On the web version of the App, we set the following first-party cookie:

• Name: bf_auth
• Domain: .betfollow.app (shared across app.betfollow.app and betfollow.app)
• Purpose: A presence flag set when you sign in, so that when you return to our landing page (betfollow.app) we can redirect you straight to the App (app.betfollow.app) instead of showing you the marketing page.
• Contents: The literal value "1". The cookie contains no authentication token, no personal data, and cannot be used to identify you.
• Security flags: Secure; SameSite=Lax.
• Expiry: 30 days.
• Category: Strictly necessary. Under the ePrivacy Directive and similar laws, strictly necessary cookies do not require prior consent.

Web IndexedDB and localStorage

Firebase Authentication stores your authentication session in your browser's IndexedDB (with localStorage as a fallback) so that you stay signed in between visits. This is strictly necessary to keep you logged in. This data stays in your browser and is not transmitted to us beyond the Firebase authentication flow itself.

Mobile AsyncStorage

The mobile App stores some data locally on your device using AsyncStorage for performance and convenience (e.g., draft predictions, UI preferences, cached league data). This data remains on your device, is not transmitted to our servers (except when explicitly synced as part of App functionality), and is cleared when you log out or uninstall the App.

We do not use advertising cookies, cross-site tracking cookies, or third-party analytics cookies. Our Firebase Analytics implementation does not rely on cookies for tracking across sites.

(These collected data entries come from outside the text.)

lemma sum_powers_factor_if_constant_zero:
  fixes x :: "'b::comm_ring_1"
  assumes "c 0 = 0"
  shows "(\<Sum>a<k. c a * x ^ a) = x * (\<Sum>a<k. c a * x ^ (a - 1))"
  unfolding sum_distrib_left
proof (rule sum.cong)
  show "c a * x ^ a = x * (c a * x ^ (a - 1))" for a
    using assms by (cases a) (simp_all add: mult_ac)
qed simp

lemma lconst_0 [simp]: "lconst 0 = 0" and lconst_1 [simp]: "lconst 1 = 1"
  by (simp_all add: lconst_def)

lemma taylor_prod_dvd:
  assumes "\<forall>j\<in>Z. y j = 1 \<and> g j 1 = 0"
  shows "(\<Prod>j\<in>Z. 1 - Rvar j) dvd taylor_prod g y k"
proof -
  define t where "t j = (\<Sum>a<k. lconst ((deriv ^^ a) (g j) (y j) / of_nat (fact a)) * (Rvar j - lconst (y j)) ^ a)" for j
  define s where "s j = - (\<Sum>a<k. lconst ((deriv ^^ a) (g j) 1 / of_nat (fact a)) * (Rvar j - 1) ^ (a - 1))" for j
  have s: "\<forall>j\<in>Z. t j = (1 - Rvar j) * s j"
  proof
    fix j assume "j \<in> Z"
    then have "t j = (Rvar j - 1) * (- s j)"
      unfolding t_def s_def using assms by (simp add: sum_powers_factor_if_constant_zero)
    then show "t j = (1 - Rvar j) * s j"
      by (simp add: algebra_simps)
  qed
  have "taylor_prod g y k = (\<Prod>j\<in>Z. t j) * (\<Prod>j\<in>UNIV - Z. t j)"
    unfolding taylor_prod_def t_def by (simp add: prod.subset_diff[of Z UNIV] mult.commute)
  also have "\<dots> = (\<Prod>j\<in>Z. 1 - Rvar j) * ((\<Prod>j\<in>Z. s j) * (\<Prod>j\<in>UNIV - Z. t j))"
    using s by (simp add: prod.distrib mult.assoc)
  finally show ?thesis
    by (rule dvdI)
qed

lemma min_cone_box_vec_subset:
  assumes "S \<in> T" "F \<subseteq> S" "{j. q j \<noteq> 0} \<subseteq> F" "\<forall>j. 0 \<le> q j"
  shows "min_cone v T (box_vec v q) \<subseteq> rcone v F"
proof -
  have "box_vec v q = (\<lambda>i. \<Sum>j\<in>F. q j * real_of_int (v j i))"
    unfolding box_vec_def using assms(3) by (intro ext sum.mono_neutral_right) auto
  then have "box_vec v q \<in> rcone v F"
    unfolding rcone_def using assms(4) by blast
  moreover have "rcone v F \<in> fan_cones v T"
    unfolding fan_cones_def using assms(1,2) by blast
  ultimately show ?thesis
    unfolding min_cone_def by blast
qed

lemma on_ray_self: "j \<in> F \<Longrightarrow> on_ray v j F"
  unfolding on_ray_def by (intro bexI[of _ j] exI[of _ 1]) auto

lemma not_subset_simplex_if_no_cone:
  assumes "\<not> (\<exists>S\<in>T. \<exists>F\<subseteq>S. min_cone v T (box_vec v q) \<subseteq> rcone v F \<and> (\<forall>j. Q j \<longrightarrow> on_ray v j F))"
    and "\<forall>j. 0 \<le> q j"
  shows "\<not> (\<exists>S\<in>T. {j. q j \<noteq> 0} \<union> {j. Q j} \<subseteq> S)"
proof
  assume "\<exists>S\<in>T. {j. q j \<noteq> 0} \<union> {j. Q j} \<subseteq> S"
  then obtain S where "S \<in> T" "{j. q j \<noteq> 0} \<union> {j. Q j} \<subseteq> S" by blast
  moreover from this have "min_cone v T (box_vec v q) \<subseteq> rcone v ({j. q j \<noteq> 0} \<union> {j. Q j})"
    using assms(2) by (intro min_cone_box_vec_subset) auto
  moreover have "\<forall>j. Q j \<longrightarrow> on_ray v j ({j. q j \<noteq> 0} \<union> {j. Q j})"
    by (auto intro: on_ray_self)
  ultimately show False
    using assms(1) by blast
qed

14. Changes to This Privacy Policy

We may update this Privacy Policy from time to time to reflect changes in our practices, technology, or legal requirements. We will update the "Last updated" date at the top of this policy. For material changes, we may provide additional notice through the App. Your continued use of the App after any changes constitutes acceptance of the updated policy.

15. Contact Us

If you have any questions, concerns, or requests regarding this Privacy Policy or our data practices, please contact us at:

Email: support@betfollow.app

For EU/EEA residents: You have the right to lodge a complaint with your local supervisory authority if you believe your data protection rights have been violated.